(Collected data entries)
○ ○ ○ ○ ○ ○ ○

lemma lmul_add: "lmul u (f + g) = lmul u f + lmul u g" by (auto simp: fun_eq_iff lmul_formula)
lemma rmul_add: "rmul (f + g) u = rmul f u + rmul g u" by (auto simp: fun_eq_iff rmul_formula)
lemma lmul_diff: "lmul u (f - g) = lmul u f - lmul u g" by (auto simp: fun_eq_iff lmul_formula)
lemma rmul_diff: "rmul (f - g) u = rmul f u - rmul g u" by (auto simp: fun_eq_iff rmul_formula)
lemma lmul_zero[simp]: "lmul u 0 = 0" by (auto simp: fun_eq_iff lmul_formula)
lemma rmul_zero[simp]: "rmul 0 u = 0" by (auto simp: fun_eq_iff rmul_formula)
lemma lmul_smul: "lmul u (smul k f) = smul k (lmul u f)" by (auto simp: fun_eq_iff lmul_formula smul_def)
lemma rmul_smul: "rmul (smul k f) u = smul k (rmul f u)" by (auto simp: fun_eq_iff rmul_formula smul_def)
lemma lmul_sum: "lmul u (sum F A) = sum (\<lambda>x. lmul u (F x)) A"
  by (auto simp: fun_eq_iff lmul_formula sum_fun_apply)
lemma rmul_sum: "rmul (sum F A) u = sum (\<lambda>x. rmul (F x) u) A"
  by (auto simp: fun_eq_iff rmul_formula sum_fun_apply)
lemma lmul_wmono: "lmul u (wmono w) = wmono (u @ w)"
  by (auto simp: fun_eq_iff lmul_formula wmono_def)
lemma rmul_wmono: "rmul (wmono w) u = wmono (w @ u)"
  by (auto simp: fun_eq_iff rmul_formula wmono_def)
lemma lmul_lmul: "lmul u (lmul v f) = lmul (u @ v) f"
  by (auto simp: fun_eq_iff lmul_formula)
lemma rmul_rmul: "rmul (rmul f u) v = rmul f (u @ v)"
  by (auto simp: fun_eq_iff rmul_formula)
lemma lmul_rmul: "lmul u (rmul f v) = rmul (lmul u f) v"
proof
  fix w
  show "lmul u (rmul f v) w = rmul (lmul u f) v w"
  proof (cases "\<exists>y. w = u @ y @ v")
    case True
    then obtain y where "w = u @ y @ v" by blast
    then show ?thesis by (metis append.assoc lmul_app rmul_app)
  next
    case False
    then have "lmul u (rmul f v) w = 0"
      by (auto simp: lmul_formula rmul_formula)
    moreover have "rmul (lmul u f) v w = 0" using False
      by (auto simp: lmul_formula rmul_formula)
    ultimately show ?thesis by simp
  qed
qed


lemma gens_simps[simp]: "V x \<in> gens E0 E1 \<longleftrightarrow> x \<in> E0" "Ed e \<in> gens E0 E1 \<longleftrightarrow> e \<in> E1"
   "Gh e \<in> gens E0 E1 \<longleftrightarrow> e \<in> E1"
  by (auto simp: gens_def)

section \<open>Normal monomials and polynomials\<close>

text \<open>\<open>(u, \<alpha>, \<beta>)\<close> stands for \<open>\<alpha>\<beta>\<^sup>*\<close>, where \<open>\<alpha>\<close> and \<open>\<beta>\<close> both end at \<open>u\<close>;
  \<open>(u, [], [])\<close> stands for the vertex \<open>u\<close>. A polynomial is a list of coefficients and
  normal monomials, and \<open>None\<close> encodes a monomial that has become \<open>0\<close>.\<close>

type_synonym ('v,'e) nmono = "'v \<times> 'e list \<times> 'e list"

fun nm_word :: "('v,'e) nmono \<Rightarrow> ('v,'e) gen list" where
  "nm_word (u, as, bs) = (if as = [] \<and> bs = [] then [V u] else map Ed as @ rev (map Gh bs))"

definition eval_opt :: "('v,'e) nmono option \<Rightarrow> (('v,'e) gen list \<Rightarrow> 'k::field)" where
  "eval_opt t = (case t of None \<Rightarrow> 0 | Some t' \<Rightarrow> wmono (nm_word t'))"

lemma eval_opt_simps[simp]: "eval_opt None = 0" "eval_opt (Some t) = wmono (nm_word t)" by (auto simp: eval_opt_def)

definition lift_terms :: "('t \<Rightarrow> 't option) \<Rightarrow> ('k \<times> 't) list \<Rightarrow> ('k \<times> 't) list" where
  "lift_terms f P = concat (map (\<lambda>(k, t). case f t of None \<Rightarrow> [] | Some t' \<Rightarrow> [(k, t')]) P)"

lemma lift_terms_Nil[simp]: "lift_terms f [] = []" by (simp add: lift_terms_def)
lemma lift_terms_Cons[simp]: "lift_terms f ((k, t) # P) = (case f t of None \<Rightarrow> [] | Some t' \<Rightarrow> [(k, t')]) @ lift_terms f P"
  by (simp add: lift_terms_def)

lemma lift_terms_set: "(k, t') \<in> set (lift_terms f P) \<Longrightarrow> \<exists>t. (k, t) \<in> set P \<and> f t = Some t'"
proof (induction P)
  case (Cons a P)
  obtain k1 t1 where a: "a = (k1, t1)" by (cases a)
  show ?case
  proof (cases "f t1")
    case None then show ?thesis using Cons a by auto
  next
    case (Some t2)
    then have "(k, t') = (k1, t2) \<or> (k, t') \<in> set (lift_terms f P)" using Cons.prems a by auto
    then show ?thesis using Cons.IH a Some by auto
  qed
qed simp

lemma lift_terms_comp: "lift_terms f (lift_terms h P) = lift_terms (\<lambda>t. Option.bind (h t) f) P"
  by (induction P) (auto split: option.splits)

definition evalh :: "('t \<Rightarrow> ('a list \<Rightarrow> 'k::field)) \<Rightarrow> ('k \<times> 't) list \<Rightarrow> ('a list \<Rightarrow> 'k)" where
  "evalh h P = sum_list (map (\<lambda>(k, t). smul k (h t)) P)"

lemma evalh_Nil[simp]: "evalh h [] = 0" by (simp add: evalh_def)
lemma evalh_Cons[simp]: "evalh h ((k, t) # P) = smul k (h t) + evalh h P" by (simp add: evalh_def)

lemma evalh_add: "evalh (\<lambda>t. h1 t + h2 t) P = evalh h1 P + evalh h2 P"
  by (induction P) (auto simp: smul_add algebra_simps simp del: plus_fun_apply)
lemma evalh_sum: "evalh (\<lambda>t. sum (\<lambda>i. h i t) F) P = sum (\<lambda>i. evalh (h i) P) F"
  by (induction P) (auto simp: smul_sum sum.distrib simp del: plus_fun_apply)
lemma evalh_cong: "(\<And>k t. (k, t) \<in> set P \<Longrightarrow> h1 t = h2 t) \<Longrightarrow> evalh h1 P = evalh h2 P"
  unfolding evalh_def by (rule arg_cong[where f = sum_list], rule map_cong) auto
lemma evalh_point: "evalh (\<lambda>t. if t = t0 then H else 0) P = smul (sum_list (map (\<lambda>(k,t). if t = t0 then k else 0) P)) H"
  by (induction P) (auto simp: smul_add_left simp del: plus_fun_apply)

definition evalh_opt :: "('t \<Rightarrow> ('a list \<Rightarrow> 'k::field)) \<Rightarrow> 't option \<Rightarrow> ('a list \<Rightarrow> 'k)" where
  "evalh_opt h t = (case t of None \<Rightarrow> 0 | Some t' \<Rightarrow> h t')"

lemma evalh_lift_terms: "evalh h (lift_terms f P) = evalh (\<lambda>t. evalh_opt h (f t)) P"
  by (induction P) (auto simp: evalh_opt_def split: option.splits simp del: plus_fun_apply)

definition eval_poly :: "('k::field \<times> ('v,'e) nmono) list \<Rightarrow> (('v,'e) gen list \<Rightarrow> 'k)" where
  "eval_poly P = evalh (\<lambda>t. wmono (nm_word t)) P"

lemma evalh_opt_eval_opt: "evalh_opt (\<lambda>t. wmono (nm_word t)) = eval_opt"
  by (auto simp: fun_eq_iff evalh_opt_def eval_opt_def split: option.splits)

lemma eval_poly_lift_terms: "eval_poly (lift_terms f P) = evalh (\<lambda>t. eval_opt (f t)) P"
  by (simp add: eval_poly_def evalh_lift_terms evalh_opt_eval_opt)

definition poly_size :: "('k \<times> ('v,'e) nmono) list \<Rightarrow> nat" where
  "poly_size P = sum_list (map (\<lambda>(k, (u, as, bs)). length as + length bs) P)"

fun nm_size :: "('v,'e) nmono \<Rightarrow> nat" where "nm_size (u, as, bs) = length as + length bs"

lemma poly_size_alt: "poly_size P = sum_list (map (\<lambda>(k, t). nm_size t) P)"
  unfolding poly_size_def by (rule arg_cong[where f = sum_list], rule map_cong) auto

lemma poly_size_lift_terms_le: "(\<And>k t t'. (k, t) \<in> set P \<Longrightarrow> f t = Some t' \<Longrightarrow> nm_size t' \<le> nm_size t) \<Longrightarrow> poly_size (lift_terms f P) \<le> poly_size P"
proof (induction P)
  case (Cons a P)
  then show ?case by (cases a) (fastforce simp: poly_size_alt split: option.splits)
qed (simp add: poly_size_alt)

lemma poly_size_lift_terms_less: "(\<And>k t t'. (k, t) \<in> set P \<Longrightarrow> f t = Some t' \<Longrightarrow> nm_size t' \<le> nm_size t \<and> (0 < nm_size t \<longrightarrow> nm_size t' < nm_size t))
  \<Longrightarrow> (k0, t0) \<in> set P \<Longrightarrow> 0 < nm_size t0 \<Longrightarrow> poly_size (lift_terms f P) < poly_size P"
proof (induction P)
  case (Cons a P)
  obtain k t where a: "a = (k, t)" by (cases a)
  have le: "poly_size (lift_terms f P) \<le> poly_size P"
  proof (rule poly_size_lift_terms_le)
    fix k t t' assume "(k, t) \<in> set P" "f t = Some t'"
    then show "nm_size t' \<le> nm_size t" using Cons.prems(1)[of k t t'] by auto
  qed
  show ?case
  proof (cases "(k0, t0) = a")
    case True
    then show ?thesis using Cons.prems a le by (fastforce simp: poly_size_alt split: option.splits)
  next
    case False
    have pr: "\<And>k t t'. (k, t) \<in> set P \<Longrightarrow> f t = Some t' \<Longrightarrow> nm_size t' \<le> nm_size t \<and> (0 < nm_size t \<longrightarrow> nm_size t' < nm_size t)"
      using Cons.prems(1) by (meson list.set_intros(2))
    have "(k0, t0) \<in> set P" using False Cons.prems(2) by auto
    then have "poly_size (lift_terms f P) < poly_size P"
      apply (rule Cons.IH[rotated])
       apply (rule Cons.prems(3))
      by (rule pr)
    then show ?thesis using Cons.prems a by (fastforce simp: poly_size_alt split: option.splits)
  qed
qed simp

definition nm_deg :: "('v,'e) nmono \<Rightarrow> int" where "nm_deg t = (case t of (u, as, bs) \<Rightarrow> int (length as) - int (length bs))"

lemma all_nat_Suc_split: "(\<forall>i::nat. Q i) \<longleftrightarrow> Q 0 \<and> (\<forall>j. Q (Suc j))"
  by (metis nat.exhaust)

lemma support_decomp: "finite {w. a w \<noteq> 0} \<Longrightarrow> a = sum (\<lambda>w. smul (a w) (wmono w)) {w. a w \<noteq> 0}"
proof
  fix v assume fin: "finite {w. a w \<noteq> 0}"
  have "sum (\<lambda>w. smul (a w) (wmono w)) {w. a w \<noteq> 0} v = (\<Sum>w\<in>{w. a w \<noteq> 0}. if w = v then a v else 0)"
    by (auto simp: sum_fun_apply smul_def wmono_def intro!: sum.cong)
  also have "\<dots> = a v" using fin by (auto simp: sum.delta')
  finally show "a v = sum (\<lambda>w. smul (a w) (wmono w)) {w. a w \<noteq> 0} v" by simp
qed

definition hom_poly :: "int \<Rightarrow> ('k \<times> ('v,'e) nmono) list \<Rightarrow> bool" where
  "hom_poly n P \<longleftrightarrow> (\<forall>k t. (k, t) \<in> set P \<longrightarrow> nm_deg t = n)"

lemma hom_poly_lift_terms: "hom_poly n P \<Longrightarrow> (\<And>t t'. f t = Some t' \<Longrightarrow> nm_deg t' = nm_deg t + d) \<Longrightarrow> hom_poly (n + d) (lift_terms f P)"
  unfolding hom_poly_def by (metis lift_terms_set)

fun ghost_word :: "'v + 'e list \<Rightarrow> ('v,'e) gen list" where
  "ghost_word (Inl u) = [V u]" | "ghost_word (Inr es) = rev (map Gh es)"
fun path_word :: "'v + 'e list \<Rightarrow> ('v,'e) gen list" where
  "path_word (Inl u) = [V u]" | "path_word (Inr es) = map Ed es"

lemma pth_star_ghost_word: "pth_star p = wmono (ghost_word p)" by (cases p) (auto simp: pth_star_def)
lemma pth_path_word: "pth p = wmono (path_word p)" by (cases p) (auto simp: pth_def)

fun path_snoc :: "'v + 'e list \<Rightarrow> 'e \<Rightarrow> 'v + 'e list" where
  "path_snoc (Inl u) e = Inr [e]" | "path_snoc (Inr es) e = Inr (es @ [e])"

lemma lift_terms_filter: "(\<And>t. f t = (if Q t then Some t else None)) \<Longrightarrow> lift_terms f P = filter (\<lambda>(k, t). Q t) P"
  by (induction P) auto

lemma poly_size_filter: "poly_size (filter R P) \<le> poly_size P"
  by (induction P) (auto simp: poly_size_alt)

lemma eval_poly_Nil[simp]: "eval_poly [] = 0" by (simp add: eval_poly_def)
lemma eval_poly_append: "eval_poly (P @ Q) = eval_poly P + eval_poly Q"
  by (induction P) (auto simp: eval_poly_def simp del: plus_fun_apply)
lemma eval_poly_scale: "eval_poly (map (\<lambda>(k, t). (c * k, t)) P) = smul c (eval_poly P)"
proof (induction P)
  case Nil show ?case by (simp add: eval_poly_def smul_def zero_fun_def)
next
  case (Cons a P) then show ?case by (cases a) (auto simp: eval_poly_def smul_add smul_smul simp del: plus_fun_apply)
qed

lemma free_wmono: "w \<noteq> [] \<Longrightarrow> set w \<subseteq> G \<Longrightarrow> free_elem G (wmono w :: _ \<Rightarrow> 'k::field)"
  unfolding free_elem_def by (rule conjI, rule finite_subset[of _ "{w}"]) (auto simp: wmono_def)

lemma hcomp_decomp: "finite {w. a w \<noteq> 0} \<Longrightarrow> a = sum (\<lambda>n. hcomp n a) (wdeg ` {w. a w \<noteq> (0::'k::field)})"
proof
  fix w assume f: "finite {w. a w \<noteq> 0}"
  have "sum (\<lambda>n. hcomp n a) (wdeg ` {w. a w \<noteq> 0}) w = (\<Sum>n\<in>wdeg ` {w. a w \<noteq> 0}. if wdeg w = n then a w else 0)"
    by (simp add: sum_fun_apply hcomp_def)
  also have "\<dots> = a w" using f by (auto simp: sum.delta')
  finally show "a w = sum (\<lambda>n. hcomp n a) (wdeg ` {w. a w \<noteq> 0}) w" by simp
qed

section \<open>The ideal of relations\<close>

locale cohn_graph =
  fixes E0 :: "'v set" and E1 :: "'e set" and r s :: "'e \<Rightarrow> 'v" and X :: "'v set"
  assumes graph: "is_graph E0 E1 r s" and XReg: "X \<subseteq> Reg E0 E1 s"
begin

abbreviation "Gen \<equiv> gens E0 E1"

definition Ker :: "(('v,'e) gen list \<Rightarrow> 'k::field) set" where "Ker = cohn_ideal E0 E1 r s X"

lemma re_E0[simp]: "e \<in> E1 \<Longrightarrow> r e \<in> E0" and se_E0[simp]: "e \<in> E1 \<Longrightarrow> s e \<in> E0"
  using graph by (auto simp: is_graph_def)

○ ○ ○ ○ ○ ○ ○

■ What you have to do ■
What is needed is a verbatim copy of every line in the records above from the one containing "of coefficients and" down to the one containing "[] \<and> bs", both included, and nothing more.

■ Solution ■
  \<open>(u, [], [])\<close> stands for the vertex \<open>u\<close>. A polynomial is a list of coefficients and
  normal monomials, and \<open>None\<close> encodes a monomial that has become \<open>0\<close>.\<close>

type_synonym ('v,'e) nmono = "'v \<times> 'e list \<times> 'e list"

fun nm_word :: "('v,'e) nmono \<Rightarrow> ('v,'e) gen list" where
  "nm_word (u, as, bs) = (if as = [] \<and> bs = [] then [V u] else map Ed as @ rev (map Gh bs))"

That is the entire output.